Your assignment:
Pull every line containing "finite" out of the listing below.

Exercise materials:
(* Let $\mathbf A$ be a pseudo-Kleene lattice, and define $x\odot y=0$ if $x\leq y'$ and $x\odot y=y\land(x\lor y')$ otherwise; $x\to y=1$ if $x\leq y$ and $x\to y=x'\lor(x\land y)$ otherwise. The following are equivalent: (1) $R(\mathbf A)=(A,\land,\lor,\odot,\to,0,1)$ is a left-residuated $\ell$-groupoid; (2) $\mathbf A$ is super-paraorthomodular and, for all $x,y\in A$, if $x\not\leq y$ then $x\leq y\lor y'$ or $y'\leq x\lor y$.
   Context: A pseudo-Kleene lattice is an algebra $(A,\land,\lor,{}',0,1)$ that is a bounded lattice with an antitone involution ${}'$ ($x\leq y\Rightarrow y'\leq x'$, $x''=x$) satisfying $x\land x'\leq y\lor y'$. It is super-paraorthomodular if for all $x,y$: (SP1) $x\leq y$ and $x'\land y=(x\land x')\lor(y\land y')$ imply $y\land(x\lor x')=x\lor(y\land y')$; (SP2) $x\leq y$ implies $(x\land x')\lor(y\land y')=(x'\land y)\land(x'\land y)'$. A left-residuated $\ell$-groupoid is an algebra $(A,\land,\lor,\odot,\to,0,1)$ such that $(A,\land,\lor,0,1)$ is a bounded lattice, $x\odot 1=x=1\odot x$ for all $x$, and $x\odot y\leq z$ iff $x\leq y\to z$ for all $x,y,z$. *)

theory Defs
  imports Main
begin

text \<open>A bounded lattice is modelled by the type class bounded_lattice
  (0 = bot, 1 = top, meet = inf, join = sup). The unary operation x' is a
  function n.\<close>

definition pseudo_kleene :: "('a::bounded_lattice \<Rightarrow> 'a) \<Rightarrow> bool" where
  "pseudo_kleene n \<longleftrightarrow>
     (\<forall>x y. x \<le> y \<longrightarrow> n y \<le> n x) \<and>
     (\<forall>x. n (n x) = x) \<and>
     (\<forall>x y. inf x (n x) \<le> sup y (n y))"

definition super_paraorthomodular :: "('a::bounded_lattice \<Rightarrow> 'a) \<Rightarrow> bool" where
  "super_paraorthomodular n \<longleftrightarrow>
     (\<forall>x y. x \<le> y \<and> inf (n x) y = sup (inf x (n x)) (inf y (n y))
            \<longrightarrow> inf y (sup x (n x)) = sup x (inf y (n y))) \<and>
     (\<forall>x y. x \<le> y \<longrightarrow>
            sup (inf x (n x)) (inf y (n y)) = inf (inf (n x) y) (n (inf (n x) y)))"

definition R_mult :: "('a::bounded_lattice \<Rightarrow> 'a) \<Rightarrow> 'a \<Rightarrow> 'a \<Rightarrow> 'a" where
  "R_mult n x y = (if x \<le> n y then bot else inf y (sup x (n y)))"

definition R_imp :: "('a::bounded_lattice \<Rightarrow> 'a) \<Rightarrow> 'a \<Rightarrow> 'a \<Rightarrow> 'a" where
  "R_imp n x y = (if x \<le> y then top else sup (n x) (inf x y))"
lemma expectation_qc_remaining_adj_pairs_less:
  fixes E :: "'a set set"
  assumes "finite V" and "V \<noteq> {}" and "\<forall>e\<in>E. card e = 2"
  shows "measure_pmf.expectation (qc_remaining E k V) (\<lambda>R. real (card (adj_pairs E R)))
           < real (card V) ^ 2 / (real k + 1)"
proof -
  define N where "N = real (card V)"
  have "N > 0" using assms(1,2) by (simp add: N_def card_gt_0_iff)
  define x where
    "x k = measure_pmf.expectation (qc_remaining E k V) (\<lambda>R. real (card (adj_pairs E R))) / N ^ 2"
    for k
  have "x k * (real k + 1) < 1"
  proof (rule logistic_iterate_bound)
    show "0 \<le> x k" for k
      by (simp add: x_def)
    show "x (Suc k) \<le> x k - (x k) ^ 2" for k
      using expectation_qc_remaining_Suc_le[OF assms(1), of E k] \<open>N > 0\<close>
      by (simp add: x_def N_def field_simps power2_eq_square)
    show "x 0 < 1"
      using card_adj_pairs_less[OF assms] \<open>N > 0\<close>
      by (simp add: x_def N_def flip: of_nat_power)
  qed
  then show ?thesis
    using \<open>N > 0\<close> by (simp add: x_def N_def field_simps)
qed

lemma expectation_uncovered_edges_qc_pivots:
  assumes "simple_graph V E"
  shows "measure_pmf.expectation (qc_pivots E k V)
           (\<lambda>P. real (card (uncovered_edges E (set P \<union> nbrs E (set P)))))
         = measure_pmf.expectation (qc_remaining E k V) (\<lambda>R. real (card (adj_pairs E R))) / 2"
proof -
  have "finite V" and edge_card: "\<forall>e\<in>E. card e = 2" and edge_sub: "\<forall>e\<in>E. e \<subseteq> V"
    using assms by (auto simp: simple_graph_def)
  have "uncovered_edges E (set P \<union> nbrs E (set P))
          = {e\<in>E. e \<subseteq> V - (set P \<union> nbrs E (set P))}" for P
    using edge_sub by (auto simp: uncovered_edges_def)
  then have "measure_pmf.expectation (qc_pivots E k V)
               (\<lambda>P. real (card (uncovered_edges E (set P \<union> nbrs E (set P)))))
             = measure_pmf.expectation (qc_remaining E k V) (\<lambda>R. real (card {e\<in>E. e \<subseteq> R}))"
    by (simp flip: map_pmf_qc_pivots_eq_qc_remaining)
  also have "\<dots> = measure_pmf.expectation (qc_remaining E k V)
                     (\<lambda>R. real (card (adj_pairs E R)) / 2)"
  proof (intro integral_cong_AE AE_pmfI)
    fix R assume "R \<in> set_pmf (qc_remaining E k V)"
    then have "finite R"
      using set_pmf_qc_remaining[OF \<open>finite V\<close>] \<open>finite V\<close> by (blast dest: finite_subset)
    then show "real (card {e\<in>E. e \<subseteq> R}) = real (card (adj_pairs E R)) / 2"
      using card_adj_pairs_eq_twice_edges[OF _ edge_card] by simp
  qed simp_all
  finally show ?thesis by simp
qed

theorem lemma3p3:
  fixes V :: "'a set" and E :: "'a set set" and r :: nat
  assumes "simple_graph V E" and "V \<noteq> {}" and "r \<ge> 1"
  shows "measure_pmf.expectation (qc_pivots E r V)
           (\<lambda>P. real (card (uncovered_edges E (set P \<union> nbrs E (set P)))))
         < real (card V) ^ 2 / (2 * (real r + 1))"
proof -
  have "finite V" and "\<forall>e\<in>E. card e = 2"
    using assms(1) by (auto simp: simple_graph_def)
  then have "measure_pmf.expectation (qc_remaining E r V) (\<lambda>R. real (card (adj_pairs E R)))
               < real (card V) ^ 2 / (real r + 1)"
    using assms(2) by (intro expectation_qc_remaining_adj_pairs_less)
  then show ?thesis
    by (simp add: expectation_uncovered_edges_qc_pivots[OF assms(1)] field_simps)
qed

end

--

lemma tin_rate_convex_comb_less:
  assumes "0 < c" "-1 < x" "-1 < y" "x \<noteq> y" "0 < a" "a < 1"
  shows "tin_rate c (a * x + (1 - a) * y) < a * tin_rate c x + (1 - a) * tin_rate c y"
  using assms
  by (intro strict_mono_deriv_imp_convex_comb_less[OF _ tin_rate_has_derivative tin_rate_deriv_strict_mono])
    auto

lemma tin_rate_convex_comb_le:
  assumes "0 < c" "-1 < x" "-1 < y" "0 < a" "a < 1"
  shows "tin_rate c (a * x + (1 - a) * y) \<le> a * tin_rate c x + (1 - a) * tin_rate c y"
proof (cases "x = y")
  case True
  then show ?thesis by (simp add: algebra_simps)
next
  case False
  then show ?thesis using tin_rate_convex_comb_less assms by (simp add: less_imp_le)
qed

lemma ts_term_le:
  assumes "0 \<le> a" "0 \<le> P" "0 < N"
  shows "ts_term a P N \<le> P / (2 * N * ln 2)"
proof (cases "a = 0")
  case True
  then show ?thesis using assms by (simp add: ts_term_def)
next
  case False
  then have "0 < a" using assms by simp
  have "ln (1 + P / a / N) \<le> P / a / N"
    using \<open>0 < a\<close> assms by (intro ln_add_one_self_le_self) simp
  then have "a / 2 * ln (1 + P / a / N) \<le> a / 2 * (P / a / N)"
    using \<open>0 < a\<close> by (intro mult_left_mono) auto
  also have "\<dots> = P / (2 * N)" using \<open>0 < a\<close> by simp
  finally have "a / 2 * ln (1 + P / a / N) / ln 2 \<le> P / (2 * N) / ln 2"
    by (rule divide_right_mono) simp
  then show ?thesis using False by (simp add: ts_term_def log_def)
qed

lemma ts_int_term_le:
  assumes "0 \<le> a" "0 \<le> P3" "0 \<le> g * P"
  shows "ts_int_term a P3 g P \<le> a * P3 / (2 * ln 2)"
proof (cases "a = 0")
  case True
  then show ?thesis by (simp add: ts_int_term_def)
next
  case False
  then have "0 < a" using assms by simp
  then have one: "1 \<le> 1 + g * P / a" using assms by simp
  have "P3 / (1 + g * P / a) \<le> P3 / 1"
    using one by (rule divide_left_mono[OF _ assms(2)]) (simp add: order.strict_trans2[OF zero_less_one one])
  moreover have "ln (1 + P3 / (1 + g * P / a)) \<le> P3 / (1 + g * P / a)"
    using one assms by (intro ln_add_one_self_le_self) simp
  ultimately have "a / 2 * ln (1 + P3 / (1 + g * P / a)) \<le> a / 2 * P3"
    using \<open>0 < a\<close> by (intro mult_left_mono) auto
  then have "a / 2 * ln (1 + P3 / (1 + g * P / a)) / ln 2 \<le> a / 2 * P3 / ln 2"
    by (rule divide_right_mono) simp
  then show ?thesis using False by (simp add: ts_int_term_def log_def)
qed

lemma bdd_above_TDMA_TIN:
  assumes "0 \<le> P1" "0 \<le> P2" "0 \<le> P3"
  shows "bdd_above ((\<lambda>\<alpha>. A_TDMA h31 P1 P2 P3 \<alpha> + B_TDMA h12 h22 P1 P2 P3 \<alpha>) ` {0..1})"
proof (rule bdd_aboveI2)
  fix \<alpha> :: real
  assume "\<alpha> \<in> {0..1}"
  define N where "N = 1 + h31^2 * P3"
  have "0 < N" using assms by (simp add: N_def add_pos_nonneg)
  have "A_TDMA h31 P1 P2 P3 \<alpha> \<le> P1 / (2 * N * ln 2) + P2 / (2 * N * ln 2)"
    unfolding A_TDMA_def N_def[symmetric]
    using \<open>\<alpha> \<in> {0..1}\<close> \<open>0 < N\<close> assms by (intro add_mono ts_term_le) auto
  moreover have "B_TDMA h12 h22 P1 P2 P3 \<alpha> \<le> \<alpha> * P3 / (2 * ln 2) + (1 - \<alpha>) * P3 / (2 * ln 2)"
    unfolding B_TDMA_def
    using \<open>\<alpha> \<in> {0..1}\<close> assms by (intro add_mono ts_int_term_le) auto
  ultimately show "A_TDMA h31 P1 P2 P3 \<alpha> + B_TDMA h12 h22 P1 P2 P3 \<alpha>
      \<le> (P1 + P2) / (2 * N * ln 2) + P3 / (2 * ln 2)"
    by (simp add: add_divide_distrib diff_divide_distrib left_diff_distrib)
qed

==

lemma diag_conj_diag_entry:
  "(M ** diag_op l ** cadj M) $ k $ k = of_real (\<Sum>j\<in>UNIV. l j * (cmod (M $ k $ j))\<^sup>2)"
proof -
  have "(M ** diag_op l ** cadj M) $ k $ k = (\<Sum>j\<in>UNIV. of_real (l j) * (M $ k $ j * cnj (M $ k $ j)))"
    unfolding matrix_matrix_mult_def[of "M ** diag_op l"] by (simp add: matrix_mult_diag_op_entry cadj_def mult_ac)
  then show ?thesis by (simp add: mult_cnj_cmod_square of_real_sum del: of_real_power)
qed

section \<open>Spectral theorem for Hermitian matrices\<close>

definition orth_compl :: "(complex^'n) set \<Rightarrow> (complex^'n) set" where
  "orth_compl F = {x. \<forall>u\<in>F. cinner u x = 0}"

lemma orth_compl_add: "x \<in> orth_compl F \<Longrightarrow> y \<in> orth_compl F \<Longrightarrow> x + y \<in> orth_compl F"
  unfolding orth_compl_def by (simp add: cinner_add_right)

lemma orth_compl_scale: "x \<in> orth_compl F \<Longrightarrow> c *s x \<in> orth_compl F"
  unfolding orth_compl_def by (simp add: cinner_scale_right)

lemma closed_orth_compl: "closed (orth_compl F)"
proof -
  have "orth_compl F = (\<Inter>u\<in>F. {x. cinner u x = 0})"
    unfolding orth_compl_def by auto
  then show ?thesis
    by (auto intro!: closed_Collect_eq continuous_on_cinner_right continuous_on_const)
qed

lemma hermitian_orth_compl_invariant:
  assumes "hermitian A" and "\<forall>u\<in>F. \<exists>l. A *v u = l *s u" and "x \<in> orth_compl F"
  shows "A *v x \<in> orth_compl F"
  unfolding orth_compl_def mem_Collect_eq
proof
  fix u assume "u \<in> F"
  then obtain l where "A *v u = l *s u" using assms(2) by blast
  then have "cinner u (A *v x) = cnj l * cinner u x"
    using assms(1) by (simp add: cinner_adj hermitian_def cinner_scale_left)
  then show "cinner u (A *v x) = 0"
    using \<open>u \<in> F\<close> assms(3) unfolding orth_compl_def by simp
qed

Reply:
  assumes "finite V" and "V \<noteq> {}" and "\<forall>e\<in>E. card e = 2"
  have "finite V" and edge_card: "\<forall>e\<in>E. card e = 2" and edge_sub: "\<forall>e\<in>E. e \<subseteq> V"
    then have "finite R"
      using set_pmf_qc_remaining[OF \<open>finite V\<close>] \<open>finite V\<close> by (blast dest: finite_subset)
  have "finite V" and "\<forall>e\<in>E. card e = 2"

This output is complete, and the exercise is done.